The sparsity of the convolutional layer can bring many benefits, such as better robustness and higher feature extraction efficiency. However, if the input data are excessive sparse, feature extraction will become more difficult. Therefore, after repeated experiments, we finally chose the Inception module instead of the larger convolution kernel. We just added an appropriate number of Inception module to the network, and they are not all composed of Inception modules like GoogLeNet. In order to improve the network's ability to fit nonlinear structures in radar data (such as SAR images), we add a very deep point convolutional layer behind the Inception module. It should be noted that the point convolutional layer introduces an activation function, and the channels of input and output channels are the same, which improves the nonlinearity of the new network.

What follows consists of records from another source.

(* Let $\theta\in(0,\pi)$ and let $z$ be a real number with $z>-\csc(\theta)$. Suppose real numbers $\lambda_1,\lambda_2,\lambda_3$ satisfy \[ \lambda_1\lambda_2\lambda_3=\csc^2(\theta)\,(\lambda_1+\lambda_2+\lambda_3+2z),\qquad \lambda_i>0\ \ (i=1,2,3),\qquad \lambda_i\lambda_j>\csc^2(\theta)\ \ (i\ne j). \] Then $g:=\sum_{i<j}\lambda_i\lambda_j+2z\sum_i\lambda_i+3z^2>0$. *)

theory Defs
  imports Complex_Main
begin

definition csc :: "real \<Rightarrow> real" where
  "csc x = 1 / sin x"

end

theory Submission
  imports Defs
begin

text \<open>Write \<open>k = csc\<^sup>2 \<theta>\<close>, \<open>u = \<lambda>\<^sub>2\<lambda>\<^sub>3\<close> and \<open>t = \<lambda>\<^sub>2 + \<lambda>\<^sub>3\<close>. Eliminating \<open>\<lambda>\<^sub>1\<close> by means of the
  constraint \<open>\<lambda>\<^sub>1 (u - k) = k (t + 2z)\<close> turns \<open>k (u - k) g\<close> into the sum of the square
  \<open>(k t + z (u + k))\<^sup>2\<close> and \<open>u (u - k) (k - z\<^sup>2)\<close>, which is positive as soon as \<open>u > k > z\<^sup>2\<close>.
  Since \<open>g > 0\<close> is obvious for \<open>z \<ge> 0\<close>, and \<open>-csc \<theta> < z < 0\<close> gives \<open>z\<^sup>2 < k\<close>, this covers
  every case.\<close>

lemma constrained_quadratic_identity:
  fixes k z l1 l2 l3 :: real
  assumes "l1 * l2 * l3 = k * (l1 + l2 + l3 + 2 * z)"
  shows "k * (l2 * l3 - k) * (l1 * l2 + l1 * l3 + l2 * l3 + 2 * z * (l1 + l2 + l3) + 3 * z^2)
    = (k * (l2 + l3) + z * (l2 * l3 + k))^2 + l2 * l3 * (l2 * l3 - k) * (k - z^2)"
proof -
  have l1: "l1 * (l2 * l3 - k) = k * (l2 + l3 + 2 * z)"
    using assms by (simp add: algebra_simps)
  have "k * (l2 * l3 - k) * (l1 * l2 + l1 * l3 + l2 * l3 + 2 * z * (l1 + l2 + l3) + 3 * z^2)
      = k * (l1 * (l2 * l3 - k)) * (l2 + l3 + 2 * z)
        + k * (l2 * l3 - k) * (l2 * l3 + 2 * z * (l2 + l3) + 3 * z^2)"
    by (simp add: algebra_simps power2_eq_square)
  also have "\<dots> = (k * (l2 + l3) + z * (l2 * l3 + k))^2 + l2 * l3 * (l2 * l3 - k) * (k - z^2)"
    unfolding l1 by (simp add: algebra_simps power2_eq_square)
  finally show ?thesis .
qed

lemma constrained_quadratic_pos:
  fixes k z l1 l2 l3 :: real
  assumes "l1 * l2 * l3 = k * (l1 + l2 + l3 + 2 * z)"
    and "l2 * l3 > k" and "z^2 < k"
  shows "l1 * l2 + l1 * l3 + l2 * l3 + 2 * z * (l1 + l2 + l3) + 3 * z^2 > 0"
proof -
  have k: "k > 0"
    using assms(3) zero_le_power2[of z] by linarith
  have "l2 * l3 * (l2 * l3 - k) * (k - z^2) > 0"
    using assms(2,3) k by simp
  then have "k * (l2 * l3 - k) * (l1 * l2 + l1 * l3 + l2 * l3 + 2 * z * (l1 + l2 + l3) + 3 * z^2) > 0"
    unfolding constrained_quadratic_identity[OF assms(1)]
    by (simp add: add_nonneg_pos)
  moreover have "k * (l2 * l3 - k) > 0"
    using assms(2) k by simp
  ultimately show ?thesis
    by (rule zero_less_mult_pos)
qed

theorem lemma3p5:
  fixes \<theta> z l1 l2 l3 :: real
  assumes "0 < \<theta>" and "\<theta> < pi"
    and "z > - csc \<theta>"
    and "l1 * l2 * l3 = (csc \<theta>)^2 * (l1 + l2 + l3 + 2 * z)"
    and "l1 > 0" and "l2 > 0" and "l3 > 0"
    and "l1 * l2 > (csc \<theta>)^2" and "l1 * l3 > (csc \<theta>)^2" and "l2 * l3 > (csc \<theta>)^2"
  shows "l1 * l2 + l1 * l3 + l2 * l3 + 2 * z * (l1 + l2 + l3) + 3 * z^2 > 0"
proof (cases "z \<ge> 0")
  case True
  then show ?thesis
    using assms(5-7) by (simp add: add_pos_nonneg add_pos_pos)
next
  case False
  have "z^2 < (csc \<theta>)^2"
    using False assms(3) by (simp add: power_strict_mono[of "-z" "csc \<theta>" 2, simplified])
  then show ?thesis
    using constrained_quadratic_pos assms(4,10) by blast
qed

end
lemma smith_form_nonzero_diag_prefix:
  fixes D :: "nat \<Rightarrow> nat \<Rightarrow> 'a::comm_ring_1"
  assumes "is_smith_form class_ring m n D"
  obtains r where "nonzero_diag_prefix m n r D"
proof
  define r where "r = (LEAST i. min m n \<le> i \<or> D i i = 0)"
  have diag: "D i k = 0" if "i < m" "k < n" "i \<noteq> k" for i k
    using assms that unfolding is_smith_form_class_ring by blast
  have r_le: "r \<le> min m n" unfolding r_def by (rule Least_le) simp
  have pivots: "D i i \<noteq> 0" if "i < r" for i
    using not_less_Least[OF that[unfolded r_def]] by simp
  have "min m n \<le> r \<or> D r r = 0" unfolding r_def by (rule LeastI[of _ "min m n"]) simp
  then have base: "r < min m n \<longrightarrow> D r r = 0" by auto
  have "j < min m n \<longrightarrow> D j j = 0" if "r \<le> j" for j
    using that
  proof (induction j rule: dec_induct)
    case (step j)
    then show ?case
      using assms unfolding is_smith_form_class_ring by (metis Suc_lessD dvd_0_left)
  qed (rule base)
  with diag r_le pivots show "nonzero_diag_prefix m n r D"
    unfolding nonzero_diag_prefix_def by (metis less_le_trans min_less_iff_conj not_le)
qed

abbreviation fract_ext :: "('a::idom \<times> 'a fract) ring" where
  "fract_ext \<equiv> triv_ext (\<lambda>a x. fract_of a * x)"

interpretation fract_ext: total_cring "fract_ext :: ('a::idom \<times> 'a fract) ring"
  by (rule fract_module.total_cring_triv_ext)

lemma fract_ext_admits_if_rows_cleared:
  fixes M :: "nat \<Rightarrow> nat \<Rightarrow> 'a::idom \<times> 'a fract"
  assumes diag: "\<And>i k. i < m \<Longrightarrow> k < n \<Longrightarrow> i \<noteq> k \<Longrightarrow> fst (M i k) = 0"
    and pivots: "\<And>i. i < r \<Longrightarrow> fst (M i i) \<noteq> 0" and "r \<le> n"
    and "admits_diagonal_reduction fract_ext m n (\<lambda>i k. (fst (M i k), if i < r then 0 else snd (M i k)))"
  shows "admits_diagonal_reduction fract_ext m n M"
proof -
  define Y where "Y = (\<lambda>j k. if j < r then - snd (M j k) / fract_of (fst (M j j)) else 0)"
  have "mat_mult fract_ext M (\<lambda>i j. (if i = j then 1 else 0, Y i j)) n i k
      = (fst (M i k), if i < r then 0 else snd (M i k))" if "i < m" "k < n" for i k
  proof -
    have "(\<Sum>j<n. fract_of (fst (M i j)) * Y j k) = (\<Sum>j<n. if j = i then fract_of (fst (M i i)) * Y i k else 0)"
      by (rule sum.cong) (auto simp: Y_def diag \<open>i < m\<close>)
    also have "\<dots> = (if i < r then - snd (M i k) else 0)"
      using pivots \<open>r \<le> n\<close> by (auto simp: Y_def)
    finally show ?thesis
      using \<open>k < n\<close> by (simp add: fract_module.mat_mult_triv_ext_unipotent_right)
  qed
  then show ?thesis
    by (rule fract_ext.admits_diagonal_reduction_mult_right[OF fract_module.invertible_mat_triv_ext_unipotent,
          OF fract_ext.admits_diagonal_reduction_cong[OF assms(4)]])
qed

lemma fract_ext_admits_if_columns_cleared:
  fixes M :: "nat \<Rightarrow> nat \<Rightarrow> 'a::idom \<times> 'a fract"
  assumes diag: "\<And>i k. i < m \<Longrightarrow> k < n \<Longrightarrow> i \<noteq> k \<Longrightarrow> fst (M i k) = 0"
    and pivots: "\<And>i. i < r \<Longrightarrow> fst (M i i) \<noteq> 0" and "r \<le> m"
    and "admits_diagonal_reduction fract_ext m n (\<lambda>i k. (fst (M i k), if k < r then 0 else snd (M i k)))"
  shows "admits_diagonal_reduction fract_ext m n M"
proof -
  define X where "X = (\<lambda>i j. if j < r then - snd (M i j) / fract_of (fst (M j j)) else 0)"
  have "mat_mult fract_ext (\<lambda>i j. (if i = j then 1 else 0, X i j)) M m i k
      = (fst (M i k), if k < r then 0 else snd (M i k))" if "i < m" "k < n" for i k
  proof -
    have "(\<Sum>j<m. fract_of (fst (M j k)) * X i j) = (\<Sum>j<m. if j = k then fract_of (fst (M k k)) * X i k else 0)"
      by (rule sum.cong) (auto simp: X_def diag \<open>k < n\<close>)
    also have "\<dots> = (if k < r then - snd (M i k) else 0)"
      using pivots \<open>r \<le> m\<close> by (auto simp: X_def)
    finally show ?thesis
      using \<open>i < m\<close> by (simp add: fract_module.mat_mult_triv_ext_unipotent_left)
  qed
  then show ?thesis
    by (rule fract_ext.admits_diagonal_reduction_mult_left[OF fract_module.invertible_mat_triv_ext_unipotent,
          OF fract_ext.admits_diagonal_reduction_cong[OF assms(4)]])
qed

lemma Fract_common_denominator:
  assumes "finite (S :: 'a::idom fract set)"
  obtains s where "s \<noteq> 0" "\<forall>x\<in>S. \<exists>a. x = Fract a s"
  using assms
proof (induction S arbitrary: thesis rule: finite_induct)
  case empty
  show ?case by (rule empty.prems[of 1]) simp_all
next
  case (insert x F)
  obtain s where s: "s \<noteq> 0" "\<forall>y\<in>F. \<exists>a. y = Fract a s" by (rule insert.IH)
  obtain p q where x: "x = Fract p q" "q \<noteq> 0" by (cases x)
  have "x = Fract (s * p) (s * q)" using x s(1) by (simp add: mult_fract_cancel)
  moreover have "\<exists>a. y = Fract a (s * q)" if "y \<in> F" for y
    using s(2) that x(2) by (metis mult.commute mult_fract_cancel)
  ultimately show ?case
    using s(1) x(2) by (intro insert.prems[of "s * q"]) auto
qed

lemma sum_lessThan_split_shift:
  fixes f :: "nat \<Rightarrow> 'a::comm_monoid_add"
  assumes "r \<le> m"
  shows "(\<Sum>j<m. f j) = (\<Sum>j<r. f j) + (\<Sum>j<m - r. f (j + r))"
proof -
  obtain d where "m = r + d" using assms le_Suc_ex by blast
  moreover have "(\<Sum>j<r + d. f j) = (\<Sum>j<r. f j) + (\<Sum>j<d. f (j + r))"
    by (induction d) (simp_all add: ac_simps)
  ultimately show ?thesis by simp
qed

definition pad_id :: "nat \<Rightarrow> (nat \<Rightarrow> nat \<Rightarrow> 'a::comm_ring_1) \<Rightarrow> nat \<Rightarrow> nat \<Rightarrow> 'a" where
  "pad_id r P = (\<lambda>i j. if i < r \<or> j < r then (if i = j then 1 else 0) else P (i - r) (j - r))"

lemma sum_pad_id_mult:
  assumes "r \<le> m"
  shows "(\<Sum>j<m. pad_id r P i j * u j) = (if i < r then u i else \<Sum>j<m - r. P (i - r) j * u (j + r))"
  unfolding sum_lessThan_split_shift[OF assms]
  by (simp add: pad_id_def if_distrib[of "\<lambda>x. x * _"] cong: if_cong)

lemma sum_mult_pad_id:
  assumes "r \<le> n"
  shows "(\<Sum>j<n. u j * pad_id r Q j k) = (if k < r then u k else \<Sum>j<n - r. u (j + r) * Q j (k - r))"
  unfolding sum_lessThan_split_shift[OF assms]
  by (simp add: pad_id_def if_distrib[of "\<lambda>x. _ * x"] cong: if_cong)

lemma invertible_mat_pad_id:
  assumes "r \<le> m" "invertible_mat class_ring (m - r) P"
  shows "invertible_mat class_ring m (pad_id r P)"
proof -
  obtain P' where P': "mat_eq (m - r) (m - r) (mat_mult class_ring P P' (m - r)) (id_mat class_ring)"
    "mat_eq (m - r) (m - r) (mat_mult class_ring P' P (m - r)) (id_mat class_ring)"
    using assms(2) unfolding invertible_mat_def by auto
  have "mat_eq m m (mat_mult class_ring (pad_id r A) (pad_id r B) m) (id_mat class_ring)"
    if AB: "mat_eq (m - r) (m - r) (mat_mult class_ring A B (m - r)) (id_mat class_ring)" for A B
    unfolding mat_eq_def mat_mult_class_ring sum_pad_id_mult[OF assms(1)]
  proof (intro allI impI)
    fix i k assume ik: "i < m" "k < m"
    show "(if i < r then pad_id r B i k else \<Sum>j<m - r. A (i - r) j * pad_id r B (j + r) k)
        = id_mat class_ring i k"
    proof (cases "i < r \<or> k < r")
      case True
      moreover have "(\<Sum>j<m - r. A (i - r) j * pad_id r B (j + r) k) = 0" if "k < r"
        using that by (intro sum.neutral) (auto simp: pad_id_def)
      ultimately show ?thesis by (auto simp: pad_id_def id_mat_def)
    next
      case False
      then have "(\<Sum>j<m - r. A (i - r) j * pad_id r B (j + r) k) = mat_mult class_ring A B (m - r) (i - r) (k - r)"
        by (simp add: pad_id_def mat_mult_class_ring)
      also have "\<dots> = id_mat class_ring i k"
        using AB False ik unfolding mat_eq_def by (auto simp: id_mat_def)
      finally show ?thesis using False by simp
    qed
  qed
  from this[OF P'(1)] this[OF P'(2)] show ?thesis
    unfolding invertible_mat_def is_mat_def by auto
qed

3.2. The Parameter Number of the Networks
As shown in Figure 4, our method has about 3 million parameters less than the VGG network at the same depth. The number of parameters of networks connected to the above two classifiers is shown in Table 3. By improving the classifier, our network can further reduce the parameter amount by 86%–92%.
Table 3.
Network | 1FC | 3FC |
---|---|---|
IVGG11 | 7.19 | 125 |
IVGG13 | 5.96 | 125 |
IVGG16 | 11.27 | 130.6 |
IVGG19 | 17.67 | 136 |
The comparisons of floating points of operations (FLOPs) are shown in Figure 5. According to Figure 5, the computation cost is most affected by the network depth. IVGG16 and IVGG19 are very computation-intensive. It can be seen from Figure 4 that at the same number of network layers, the FLOPs of IVGG are significantly less than those of the VGG networks. For example, IVGG16-3FC saves 23.61% FLOPs compared to VGG19. So, our methods not only save parameter storage space, but also reduce computation cost.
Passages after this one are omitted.